## What needs to be done
Lines holding the string "rceil" are the ones to copy; find them all in the data.

## Source data
lemma procedure_returns_if_uniform_deviation:
  assumes "\<forall>k\<le>K. \<bar>emp_miscov mu v n \<omega> (bisect_seq \<Delta> k) - g (bisect_seq \<Delta> k)\<bar> < \<alpha> / 4"
    and "g (bisect_seq \<Delta> K) \<le> \<alpha> / 2"
  shows "\<exists>d. procedure_returns mu v \<Delta> \<alpha> n \<omega> d \<and> g d \<le> \<alpha>"
proof -
  let ?stops = "\<lambda>k. emp_miscov mu v n \<omega> (bisect_seq \<Delta> k) \<le> 3 / 4 * \<alpha>"
  define k where "k = (LEAST k. ?stops k)"
  have "?stops K"
    using assms(1)[rule_format, OF order_refl] assms(2) by linarith
  then have "?stops k" "k \<le> K" "\<forall>i<k. \<not> ?stops i"
    unfolding k_def by (auto intro: LeastI Least_le dest: not_less_Least)
  moreover have "g (bisect_seq \<Delta> k) \<le> \<alpha>"
    using assms(1)[rule_format, OF \<open>k \<le> K\<close>] \<open>?stops k\<close> by linarith
  ultimately show ?thesis
    unfolding procedure_returns_def by (auto simp: not_le)
qed

lemma pred_mem_PI:
  assumes "sets M = sets (X \<Otimes>\<^sub>M borel)" "mu \<in> borel_measurable X" "v \<in> borel_measurable X"
  shows "Measurable.pred M (\<lambda>p. snd p \<in> PI mu v (fst p) d)"
proof -
  have "Measurable.pred (X \<Otimes>\<^sub>M borel) (\<lambda>p. snd p \<in> PI mu v (fst p) d)"
    unfolding PI_def atLeastAtMost_iff using assms(2,3) by measurable
  then show ?thesis
    using assms(1) by (simp add: measurable_cong_sets)
qed

context
  fixes X :: "'a measure" and M :: "('a \<times> real) measure" and mu v :: "'a \<Rightarrow> real"
  assumes prob_M: "prob_space M"
    and sets_M: "sets M = sets (X \<Otimes>\<^sub>M borel)"
    and mu_measurable: "mu \<in> borel_measurable X" and v_measurable: "v \<in> borel_measurable X"
begin

private lemmas pred_mem_PI' [measurable] = pred_mem_PI[OF sets_M mu_measurable v_measurable]

lemma coverage_eq_one_minus_miscov:
  "measure M {p \<in> space M. snd p \<in> PI mu v (fst p) d} = 1 - miscov M mu v d"
proof -
  interpret prob_space M by (fact prob_M)
  have "{p \<in> space M. snd p \<in> PI mu v (fst p) d} = space M - {p \<in> space M. snd p \<notin> PI mu v (fst p) d}"
    by auto
  then show ?thesis
    by (simp add: miscov_def prob_compl)
qed

lemma emp_miscov_measurable [measurable]:
  "(\<lambda>\<omega>. emp_miscov mu v n \<omega> d) \<in> borel_measurable (PiM {..<n} (\<lambda>_. M))"
  unfolding emp_miscov_def by measurable

lemma emp_miscov_deviation_prob:
  assumes "n \<ge> 1" "\<epsilon> \<ge> 0"
  shows "measure (PiM {..<n} (\<lambda>_. M))
           {\<omega> \<in> space (PiM {..<n} (\<lambda>_. M)). \<epsilon> \<le> \<bar>emp_miscov mu v n \<omega> d - miscov M mu v d\<bar>}
         \<le> 2 * exp (- 2 * real n * \<epsilon>\<^sup>2)"
proof -
  interpret prob_space M by (fact prob_M)
  let ?miss = "\<lambda>p. if snd p \<notin> PI mu v (fst p) d then 1 else 0 :: real"
  have "integral\<^sup>L M ?miss = integral\<^sup>L M (indicator {p \<in> space M. snd p \<notin> PI mu v (fst p) d})"
    by (intro Bochner_Integration.integral_cong) (auto simp: indicator_def)
  also have "\<dots> = miscov M mu v d"
    by (simp add: miscov_def Int_absorb2)
  finally show ?thesis
    using hoeffding_PiM_mean[OF prob_M assms(1), of ?miss 0 1 \<epsilon>] assms(2)
    by (simp add: emp_miscov_def)
qed

lemma emp_miscov_uniform_deviation_prob:
  assumes "n \<ge> 1" "\<epsilon> \<ge> 0"
  shows "measure (PiM {..<n} (\<lambda>_. M))
           {\<omega> \<in> space (PiM {..<n} (\<lambda>_. M)).
              \<exists>k\<le>K. \<epsilon> \<le> \<bar>emp_miscov mu v n \<omega> (d k) - miscov M mu v (d k)\<bar>}
         \<le> (real K + 1) * (2 * exp (- 2 * real n * \<epsilon>\<^sup>2))"
proof -
  let ?P = "PiM {..<n} (\<lambda>_. M)"
  let ?E = "\<lambda>k. {\<omega> \<in> space ?P. \<epsilon> \<le> \<bar>emp_miscov mu v n \<omega> (d k) - miscov M mu v (d k)\<bar>}"
  interpret P: prob_space ?P by (rule prob_space_PiM) (use prob_M in simp)
  have "measure ?P (\<Union>k\<le>K. ?E k) \<le> (\<Sum>k\<le>K. measure ?P (?E k))"
    by (rule P.finite_measure_subadditive_finite) auto
  also have "\<dots> \<le> (\<Sum>k\<le>K. 2 * exp (- 2 * real n * \<epsilon>\<^sup>2))"
    by (intro sum_mono emp_miscov_deviation_prob assms)
  also have "(\<Union>k\<le>K. ?E k) = {\<omega> \<in> space ?P.
      \<exists>k\<le>K. \<epsilon> \<le> \<bar>emp_miscov mu v n \<omega> (d k) - miscov M mu v (d k)\<bar>}"
    by auto
  finally show ?thesis
    by (simp add: algebra_simps)
qed

lemma procedure_event_measurable:
  "{\<omega> \<in> space (PiM {..<n} (\<lambda>_. M)). \<exists>d. procedure_returns mu v \<Delta> \<alpha> n \<omega> d \<and> Q d}
     \<in> sets (PiM {..<n} (\<lambda>_. M))"
proof -
  have "{\<omega> \<in> space (PiM {..<n} (\<lambda>_. M)). \<exists>d. procedure_returns mu v \<Delta> \<alpha> n \<omega> d \<and> Q d}
      = {\<omega> \<in> space (PiM {..<n} (\<lambda>_. M)). \<exists>k. emp_miscov mu v n \<omega> (bisect_seq \<Delta> k) \<le> 3 / 4 * \<alpha>
           \<and> (\<forall>i<k. emp_miscov mu v n \<omega> (bisect_seq \<Delta> i) > 3 / 4 * \<alpha>) \<and> Q (bisect_seq \<Delta> k)}"
    unfolding procedure_returns_def by blast
  also have "\<dots> \<in> sets (PiM {..<n} (\<lambda>_. M))"
    by measurable
  finally show ?thesis .
qed

lemma procedure_coverage_prob_ge:
  assumes "n \<ge> 1" "\<alpha> \<ge> 0" "miscov M mu v (bisect_seq \<Delta> K) \<le> \<alpha> / 2"
  shows "measure (PiM {..<n} (\<lambda>_. M))
           {\<omega> \<in> space (PiM {..<n} (\<lambda>_. M)).
              \<exists>d. procedure_returns mu v \<Delta> \<alpha> n \<omega> d
                 \<and> measure M {p \<in> space M. snd p \<in> PI mu v (fst p) d} \<ge> 1 - \<alpha>}
         \<ge> 1 - (real K + 1) * (2 * exp (- 2 * real n * (\<alpha> / 4)\<^sup>2))"
    (is "measure ?P ?Good \<ge> _")
proof -
  interpret P: prob_space ?P by (rule prob_space_PiM) (use prob_M in simp)
  define Bad where "Bad = {\<omega> \<in> space ?P. \<exists>k\<le>K.
      \<alpha> / 4 \<le> \<bar>emp_miscov mu v n \<omega> (bisect_seq \<Delta> k) - miscov M mu v (bisect_seq \<Delta> k)\<bar>}"
  have "space ?P - Bad \<subseteq> ?Good"
  proof
    fix \<omega> assume \<omega>: "\<omega> \<in> space ?P - Bad"
    then have "\<forall>k\<le>K. \<bar>emp_miscov mu v n \<omega> (bisect_seq \<Delta> k) - miscov M mu v (bisect_seq \<Delta> k)\<bar> < \<alpha> / 4"
      unfolding Bad_def by (metis (mono_tags, lifting) Diff_iff mem_Collect_eq not_le)
    then obtain d where "procedure_returns mu v \<Delta> \<alpha> n \<omega> d" "miscov M mu v d \<le> \<alpha>"
      using procedure_returns_if_uniform_deviation assms(3) by blast
    then show "\<omega> \<in> ?Good"
      using \<omega> by (auto simp: coverage_eq_one_minus_miscov)
  qed
  have "1 - (real K + 1) * (2 * exp (- 2 * real n * (\<alpha> / 4)\<^sup>2)) \<le> 1 - P.prob Bad"
    using emp_miscov_uniform_deviation_prob[OF assms(1), of "\<alpha> / 4" K "bisect_seq \<Delta>"] assms(2)
    unfolding Bad_def by simp
  also have "\<dots> = P.prob (space ?P - Bad)"
    by (rule P.prob_compl[symmetric]) (simp add: Bad_def)
  also have "\<dots> \<le> P.prob ?Good"
    using \<open>space ?P - Bad \<subseteq> ?Good\<close> procedure_event_measurable by (rule P.finite_measure_mono)
  finally show ?thesis .
qed

end

theorem lemma1:
  fixes X :: "'a measure" and M :: "('a \<times> real) measure"
    and mu v :: "'a \<Rightarrow> real" and \<Delta> L \<alpha> :: real and n :: nat
  assumes "prob_space M"
    and "sets M = sets (X \<Otimes>\<^sub>M borel)"
    and "mu \<in> borel_measurable X" and "v \<in> borel_measurable X"
    and "\<forall>x\<in>space X. v x \<ge> 0"
    and "\<Delta> > 0" and "L > 0"
    and "miscov M mu v \<Delta> = 0"
    and "\<forall>\<delta>\<in>{-1..\<Delta>}. \<exists>D. (miscov M mu v has_real_derivative D) (at \<delta> within {-1..\<Delta>}) \<and> \<bar>D\<bar> < L"
    and "0 < \<alpha>" and "\<alpha> < 1"
    and "n \<ge> 1"
    and "sqrt ((ln (real_of_int \<lceil>log 2 (2 * L * (\<Delta> + 1) / \<alpha>)\<rceil> + 1) + 10 * ln (real n)) / real n)
           \<le> \<alpha> / 4"
  shows "measure (PiM {..<n} (\<lambda>_. M))
           {\<omega> \<in> space (PiM {..<n} (\<lambda>_. M)).
              \<exists>d. procedure_returns mu v \<Delta> \<alpha> n \<omega> d
                 \<and> measure M {p \<in> space M. snd p \<in> PI mu v (fst p) d} \<ge> 1 - \<alpha>}
         \<ge> 1 - 2 / real n ^ 10"
proof -
  define K where "K = nat \<lceil>log 2 (2 * L * (\<Delta> + 1) / \<alpha>)\<rceil>"
  have "(ln (real_of_int \<lceil>log 2 (2 * L * (\<Delta> + 1) / \<alpha>)\<rceil> + 1) + 10 * ln (real n)) / real n
      \<le> (\<alpha> / 4)\<^sup>2"
    using assms(13) by (rule sqrt_le_D)
  then have "ln (real K + 1) + real 10 * ln (real n) \<le> real n * (\<alpha> / 4)\<^sup>2"
    using assms(12) ln_nat_plus_one_le[of "\<lceil>log 2 (2 * L * (\<Delta> + 1) / \<alpha>)\<rceil>"]
    by (simp add: K_def field_simps)
  then have "(real K + 1) * (2 * exp (- 2 * real n * (\<alpha> / 4)\<^sup>2)) \<le> 2 / real n ^ 10"
    using assms(12) by (intro union_bound_le_inverse_power) simp_all
  moreover have "miscov M mu v (bisect_seq \<Delta> K) \<le> \<alpha> / 2"
    unfolding K_def using assms(6-10) by (intro bisect_seq_depth_le_half) simp_all
  ultimately show ?thesis
    using procedure_coverage_prob_ge[OF assms(1-4,12), of \<alpha> \<Delta> K] assms(10) by simp
qed

end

## Final answer
    and "sqrt ((ln (real_of_int \<lceil>log 2 (2 * L * (\<Delta> + 1) / \<alpha>)\<rceil> + 1) + 10 * ln (real n)) / real n)
  define K where "K = nat \<lceil>log 2 (2 * L * (\<Delta> + 1) / \<alpha>)\<rceil>"
  have "(ln (real_of_int \<lceil>log 2 (2 * L * (\<Delta> + 1) / \<alpha>)\<rceil> + 1) + 10 * ln (real n)) / real n
    using assms(12) ln_nat_plus_one_le[of "\<lceil>log 2 (2 * L * (\<Delta> + 1) / \<alpha>)\<rceil>"]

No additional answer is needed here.